Work request
What appears from the first line of the data below through the line containing "text \<open>Transition map", both included, should be copied exactly, and nothing else.

Given data
(* Let $X$ be a $C^1$ vector field on a smooth manifold $M$ and let $p_0\in M$ satisfy $X(p_0)=0$. If the linearization $DX(p_0)$ has an eigenvalue $\lambda$ with $\mathrm{Re}\,\lambda>0$, then there exists an open neighborhood $B\subset M$ of $p_0$ such that the set $E$ of points $p\in M$ for which the solution $\gamma$ of $\dot\gamma=X\circ\gamma$, $\gamma(0)=p$, is defined and satisfies $\gamma(t)\in B$ for all $t\in[0,+\infty)$ has measure zero.
   Context: Manifolds are Hausdorff, second countable and finite-dimensional. A subset $A\subset M$ has measure zero if for every chart $(V,\psi)$ the set $\psi(A\cap V)$ has Lebesgue measure zero. *)

theory Defs
  imports "HOL-Analysis.Analysis"
begin

type_synonym ('p, 'n) chart = "'p set \<times> ('p \<Rightarrow> real^'n)"

definition is_chart :: "'p topology \<Rightarrow> ('p, 'n::finite) chart \<Rightarrow> bool" where
  "is_chart M c \<longleftrightarrow> openin M (fst c) \<and> open (snd c ` fst c) \<and>
     homeomorphic_map (subtopology M (fst c)) (top_of_set (snd c ` fst c)) (snd c)"

fun iter_dd :: "('a::real_normed_vector \<Rightarrow> 'b::real_normed_vector) \<Rightarrow> 'a list \<Rightarrow> 'a \<Rightarrow> 'b" where
  "iter_dd f [] = f"
| "iter_dd f (v # vs) = (\<lambda>x. frechet_derivative (iter_dd f vs) (at x) v)"

definition smooth_on :: "'a::real_normed_vector set \<Rightarrow> ('a \<Rightarrow> 'b::real_normed_vector) \<Rightarrow> bool" where
  "smooth_on S f \<longleftrightarrow> (\<forall>vs. \<forall>x\<in>S. iter_dd f vs differentiable (at x))"

definition C1_on :: "'a::real_normed_vector set \<Rightarrow> ('a \<Rightarrow> 'b::real_normed_vector) \<Rightarrow> bool" where
  "C1_on S f \<longleftrightarrow> (\<exists>f'. (\<forall>x\<in>S. (f has_derivative blinfun_apply (f' x)) (at x)) \<and> continuous_on S f')"

text \<open>Transition map from chart c1 to chart c2 (meaningful on snd c1 ` (fst c1 \<inter> fst c2)).\<close>

definition transition :: "('p, 'n::finite) chart \<Rightarrow> ('p, 'n) chart \<Rightarrow> real^'n \<Rightarrow> real^'n" where
  "transition c1 c2 = snd c2 \<circ> inv_into (fst c1) (snd c1)"

definition smooth_compat :: "('p, 'n::finite) chart \<Rightarrow> ('p, 'n) chart \<Rightarrow> bool" where
  "smooth_compat c1 c2 \<longleftrightarrow>
     smooth_on (snd c1 ` (fst c1 \<inter> fst c2)) (transition c1 c2) \<and>
     smooth_on (snd c2 ` (fst c1 \<inter> fst c2)) (transition c2 c1)"

text \<open>A smooth manifold of dimension CARD('n): a Hausdorff, second countable
  topological space M with a smooth atlas A.\<close>

definition smooth_manifold :: "'p topology \<Rightarrow> ('p, 'n::finite) chart set \<Rightarrow> bool" where
  "smooth_manifold M A \<longleftrightarrow> Hausdorff_space M \<and> second_countable M \<and>
     (\<forall>c\<in>A. is_chart M c) \<and> topspace M \<subseteq> (\<Union>c\<in>A. fst c) \<and>
     (\<forall>c1\<in>A. \<forall>c2\<in>A. smooth_compat c1 c2)"

text \<open>The charts of the smooth structure (the maximal atlas determined by A).\<close>

definition mchart :: "'p topology \<Rightarrow> ('p, 'n::finite) chart set \<Rightarrow> ('p, 'n) chart \<Rightarrow> bool" where
  "mchart M A c \<longleftrightarrow> is_chart M c \<and> (\<forall>a\<in>A. smooth_compat a c)"

definition measure_zero :: "'p topology \<Rightarrow> ('p, 'n::finite) chart set \<Rightarrow> 'p set \<Rightarrow> bool" where
  "measure_zero M A E \<longleftrightarrow> (\<forall>c. mchart M A c \<longrightarrow> snd c ` (E \<inter> fst c) \<in> null_sets lebesgue)"

text \<open>A vector field is given by its local representatives X c in every chart c,
  transforming by the derivative of the transition maps. It is C^1 if every
  local representative is C^1.\<close>

definition C1_vector_field :: "'p topology \<Rightarrow> ('p, 'n::finite) chart set \<Rightarrow>
     (('p, 'n) chart \<Rightarrow> real^'n \<Rightarrow> real^'n) \<Rightarrow> bool" where
  "C1_vector_field M A X \<longleftrightarrow>
     (\<forall>c. mchart M A c \<longrightarrow> C1_on (snd c ` fst c) (X c)) \<and>
     (\<forall>c1 c2. mchart M A c1 \<longrightarrow> mchart M A c2 \<longrightarrow>
        (\<forall>x\<in>snd c1 ` (fst c1 \<inter> fst c2).
           X c2 (transition c1 c2 x) = frechet_derivative (transition c1 c2) (at x) (X c1 x)))"

definition integral_curve :: "'p topology \<Rightarrow> ('p, 'n::finite) chart set \<Rightarrow>
     (('p, 'n) chart \<Rightarrow> real^'n \<Rightarrow> real^'n) \<Rightarrow> (real \<Rightarrow> 'p) \<Rightarrow> real set \<Rightarrow> bool" where
  "integral_curve M A X \<gamma> J \<longleftrightarrow>
     continuous_map (top_of_set J) M \<gamma> \<and>
     (\<forall>c. mchart M A c \<longrightarrow> (\<forall>t\<in>J. \<gamma> t \<in> fst c \<longrightarrow>
        ((snd c \<circ> \<gamma>) has_vector_derivative X c (snd c (\<gamma> t))) (at t within J)))"

definition complex_eigenvalue :: "(real^'n \<Rightarrow> real^'n) \<Rightarrow> complex \<Rightarrow> bool" where
  "complex_eigenvalue L lam \<longleftrightarrow>
     (\<exists>v::complex^'n. v \<noteq> 0 \<and>
        (\<chi> i. \<Sum>j\<in>UNIV. complex_of_real (matrix L $ i $ j) * v $ j) = lam *s v)"

end

(*
  Work in a chart around p0 and let L be the derivative of the local representative f of X
  at p0. A complex Schur form of L with the eigenvalues ordered by decreasing real part,
  rescaled to be nearly diagonal, splits the coordinates at a level beta between 0 and the
  real part of the given eigenvalue. The difference F of the squared norms of the coordinates
  above and below beta is a quadratic form that is positive at some real vector and grows
  exponentially along w' = L w + rho whenever rho is small compared with w. Near p0, the
  difference of two solutions of x' = f x is of this kind, so if both stay in a small ball
  for all t >= 0 then F is nonpositive on the difference of their initial points. Such a set
  of initial points is a Lipschitz graph over a hyperplane, hence negligible, and smooth
  transition maps carry this to every chart.
*)
theory Submission
  imports Defs "Jordan_Normal_Form.Schur_Decomposition"
begin

section \<open>Sets whose differences lie in a cone\<close>

lemma nonpos_homogeneous_far_from_ray:
  fixes F :: "'a::real_normed_vector \<Rightarrow> real"
  assumes pos: "\<And>u. dist u v < \<theta> \<Longrightarrow> F u > 0"
    and hom: "\<And>t w. F (t *\<^sub>R w) = t\<^sup>2 * F w"
    and "F (t *\<^sub>R v + h) \<le> 0"
  shows "\<theta> * \<bar>t\<bar> \<le> norm h"
proof (rule ccontr)
  assume less: "\<not> \<theta> * \<bar>t\<bar> \<le> norm h"
  then have "t \<noteq> 0"
    by auto
  have "dist (v + (1/t) *\<^sub>R h) v = norm h / \<bar>t\<bar>"
    by (simp add: dist_norm)
  also have "\<dots> < \<theta>"
    using less \<open>t \<noteq> 0\<close> by (simp add: divide_less_eq mult.commute)
  finally have "F (v + (1/t) *\<^sub>R h) > 0"
    by (rule pos)
  then have "F (t *\<^sub>R (v + (1/t) *\<^sub>R h)) > 0"
    using \<open>t \<noteq> 0\<close> by (simp only: hom) simp
  then show False
    using assms(3) \<open>t \<noteq> 0\<close> by (simp add: scaleR_add_right)
qed

lemma norm_le_orthogonal_part_if_nonpos:
  fixes F :: "'a::real_inner \<Rightarrow> real"
  assumes "isCont F v" and "F v > 0"
    and hom: "\<And>t w. F (t *\<^sub>R w) = t\<^sup>2 * F w"
  obtains K where "\<And>d. F d \<le> 0 \<Longrightarrow> norm d \<le> K * norm (d - ((d \<bullet> v) / (v \<bullet> v)) *\<^sub>R v)"
proof -
  obtain \<theta> where "\<theta> > 0" and \<theta>: "\<And>u. dist u v < \<theta> \<Longrightarrow> dist (F u) (F v) < F v"
    using assms(1,2) unfolding continuous_at_eps_delta by blast
  then have pos: "F u > 0" if "dist u v < \<theta>" for u
    using \<theta>[OF that] by (simp add: dist_real_def abs_less_iff)
  have "norm d \<le> (1 + norm v / \<theta>) * norm (d - ((d \<bullet> v) / (v \<bullet> v)) *\<^sub>R v)" if "F d \<le> 0" for d
  proof -
    define t where "t = (d \<bullet> v) / (v \<bullet> v)"
    define h where "h = d - t *\<^sub>R v"
    have "F (t *\<^sub>R v + h) \<le> 0"
      using \<open>F d \<le> 0\<close> by (simp add: h_def)
    with pos hom have "\<theta> * \<bar>t\<bar> \<le> norm h"
      by (rule nonpos_homogeneous_far_from_ray)
    have "norm d \<le> \<bar>t\<bar> * norm v + norm h"
      using norm_triangle_ineq[of "t *\<^sub>R v" h] by (simp add: h_def)
    also have "\<bar>t\<bar> * norm v \<le> (norm h / \<theta>) * norm v"
      using \<open>\<theta> * \<bar>t\<bar> \<le> norm h\<close> \<open>\<theta> > 0\<close> by (intro mult_right_mono) (auto simp: field_simps)
    finally have "norm d \<le> (1 + norm v / \<theta>) * norm h"
      by (simp add: algebra_simps)
    then show ?thesis
      by (simp add: h_def t_def)
  qed
  then show ?thesis
    by (rule that)
qed

lemma negligible_if_differences_nonpos:
  fixes F :: "'a::euclidean_space \<Rightarrow> real"
  assumes "isCont F v" and "F v > 0"
    and "\<And>t w. F (t *\<^sub>R w) = t\<^sup>2 * F w"
    and nonpos: "\<And>x y. x \<in> S \<Longrightarrow> y \<in> S \<Longrightarrow> F (x - y) \<le> 0"
  shows "negligible S"
proof -
  obtain K where K: "\<And>d. F d \<le> 0 \<Longrightarrow> norm d \<le> K * norm (d - ((d \<bullet> v) / (v \<bullet> v)) *\<^sub>R v)"
    using norm_le_orthogonal_part_if_nonpos assms(1-3) by blast
  define \<pi> where "\<pi> x = x - ((x \<bullet> v) / (v \<bullet> v)) *\<^sub>R v" for x
  have "v \<noteq> 0"
    using assms(2) assms(3)[of 0 v] by auto
  have lipschitz: "norm (x - y) \<le> K * norm (\<pi> x - \<pi> y)" if "x \<in> S" "y \<in> S" for x y
    using K[OF nonpos[OF that]]
    by (simp add: \<pi>_def inner_diff_left algebra_simps diff_divide_distrib)
  then have "inj_on \<pi> S"
    by (fastforce intro: inj_onI)
  have "negligible (\<pi> ` S)"
  proof (rule negligible_subset)
    show "negligible {z. v \<bullet> z = 0}"
      using \<open>v \<noteq> 0\<close> by (intro negligible_hyperplane) simp
    show "\<pi> ` S \<subseteq> {z. v \<bullet> z = 0}"
      using \<open>v \<noteq> 0\<close> by (auto simp: \<pi>_def inner_diff_right inner_commute)
  qed
  then have "negligible (inv_into S \<pi> ` \<pi> ` S)"
  proof (rule negligible_locally_Lipschitz_image[OF order_refl])
    fix z assume "z \<in> \<pi> ` S"
    then show "\<exists>T B. open T \<and> z \<in> T \<and>
        (\<forall>y\<in>\<pi> ` S \<inter> T. norm (inv_into S \<pi> y - inv_into S \<pi> z) \<le> B * norm (y - z))"
      using lipschitz \<open>inj_on \<pi> S\<close> by (intro exI[of _ UNIV] exI[of _ K]) auto
  qed
  then show ?thesis
    using \<open>inj_on \<pi> S\<close> by simp
qed

section \<open>Solutions trapped in a bounded set\<close>

lemma nonpos_if_exponential_growth_bounded:
  fixes V V' :: "real \<Rightarrow> real"
  assumes der: "\<And>t. t \<ge> 0 \<Longrightarrow> (V has_real_derivative V' t) (at t within {0..})"
    and growth: "\<And>t. t \<ge> 0 \<Longrightarrow> c * V t \<le> V' t" and "c > 0"
    and bounded: "\<And>t. t \<ge> 0 \<Longrightarrow> V t \<le> K"
  shows "V 0 \<le> 0"
proof (rule ccontr)
  assume "\<not> V 0 \<le> 0"
  define \<phi> where "\<phi> t = V t * exp (- c * t)" for t
  have \<phi>_der: "(\<phi> has_real_derivative (V' t - c * V t) * exp (- c * t)) (at t within {0..})"
    if "t \<ge> 0" for t
    unfolding \<phi>_def using der[OF that] by (auto intro!: derivative_eq_intros simp: algebra_simps)
  have \<phi>_mono: "\<phi> 0 \<le> \<phi> t" if "t \<ge> 0" for t
  proof (rule DERIV_nonneg_imp_increasing_open[OF that])
    fix x assume "0 < x" "x < t"
    then have "at x within {0..} = at x"
      by (intro at_within_interior) (simp add: interior_real_atLeast)
    then show "\<exists>y. (\<phi> has_real_derivative y) (at x) \<and> 0 \<le> y"
      using \<phi>_der[of x] growth[of x] \<open>0 < x\<close> by auto
  next
    have "continuous_on {0..} \<phi>"
      using \<phi>_der by (auto simp: continuous_on_eq_continuous_within intro: DERIV_continuous)
    then show "continuous_on {0..t} \<phi>"
      by (rule continuous_on_subset) auto
  qed
  have "V 0 * exp (c * t) \<le> V t" if "t \<ge> 0" for t
  proof -
    have "V 0 * exp (c * t) \<le> \<phi> t * exp (c * t)"
      using \<phi>_mono[OF that] by (simp add: \<phi>_def)
    also have "\<dots> = V t"
      by (simp add: \<phi>_def mult.assoc flip: exp_add)
    finally show ?thesis .
  qed
  moreover have "V 0 * (1 + c * t) \<le> V 0 * exp (c * t)" for t
    using \<open>\<not> V 0 \<le> 0\<close> exp_ge_add_one_self[of "c * t"] by simp
  ultimately have grow: "V 0 * (1 + c * t) \<le> K" if "t \<ge> 0" for t
    using bounded that by (meson order_trans)
  define T where "T = (\<bar>K\<bar> + 1) / (c * V 0)"
  have "T \<ge> 0" and T: "(c * V 0) * T = \<bar>K\<bar> + 1"
    using \<open>c > 0\<close> \<open>\<not> V 0 \<le> 0\<close> by (simp_all add: T_def)
  have "V 0 + (c * V 0) * T \<le> K"
    using grow[OF \<open>T \<ge> 0\<close>] by (simp add: algebra_simps)
  then show False
    using T \<open>\<not> V 0 \<le> 0\<close> by linarith
qed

Exercise result
(* Let $X$ be a $C^1$ vector field on a smooth manifold $M$ and let $p_0\in M$ satisfy $X(p_0)=0$. If the linearization $DX(p_0)$ has an eigenvalue $\lambda$ with $\mathrm{Re}\,\lambda>0$, then there exists an open neighborhood $B\subset M$ of $p_0$ such that the set $E$ of points $p\in M$ for which the solution $\gamma$ of $\dot\gamma=X\circ\gamma$, $\gamma(0)=p$, is defined and satisfies $\gamma(t)\in B$ for all $t\in[0,+\infty)$ has measure zero.
   Context: Manifolds are Hausdorff, second countable and finite-dimensional. A subset $A\subset M$ has measure zero if for every chart $(V,\psi)$ the set $\psi(A\cap V)$ has Lebesgue measure zero. *)

theory Defs
  imports "HOL-Analysis.Analysis"
begin

type_synonym ('p, 'n) chart = "'p set \<times> ('p \<Rightarrow> real^'n)"

definition is_chart :: "'p topology \<Rightarrow> ('p, 'n::finite) chart \<Rightarrow> bool" where
  "is_chart M c \<longleftrightarrow> openin M (fst c) \<and> open (snd c ` fst c) \<and>
     homeomorphic_map (subtopology M (fst c)) (top_of_set (snd c ` fst c)) (snd c)"

fun iter_dd :: "('a::real_normed_vector \<Rightarrow> 'b::real_normed_vector) \<Rightarrow> 'a list \<Rightarrow> 'a \<Rightarrow> 'b" where
  "iter_dd f [] = f"
| "iter_dd f (v # vs) = (\<lambda>x. frechet_derivative (iter_dd f vs) (at x) v)"

definition smooth_on :: "'a::real_normed_vector set \<Rightarrow> ('a \<Rightarrow> 'b::real_normed_vector) \<Rightarrow> bool" where
  "smooth_on S f \<longleftrightarrow> (\<forall>vs. \<forall>x\<in>S. iter_dd f vs differentiable (at x))"

definition C1_on :: "'a::real_normed_vector set \<Rightarrow> ('a \<Rightarrow> 'b::real_normed_vector) \<Rightarrow> bool" where
  "C1_on S f \<longleftrightarrow> (\<exists>f'. (\<forall>x\<in>S. (f has_derivative blinfun_apply (f' x)) (at x)) \<and> continuous_on S f')"

text \<open>Transition map from chart c1 to chart c2 (meaningful on snd c1 ` (fst c1 \<inter> fst c2)).\<close>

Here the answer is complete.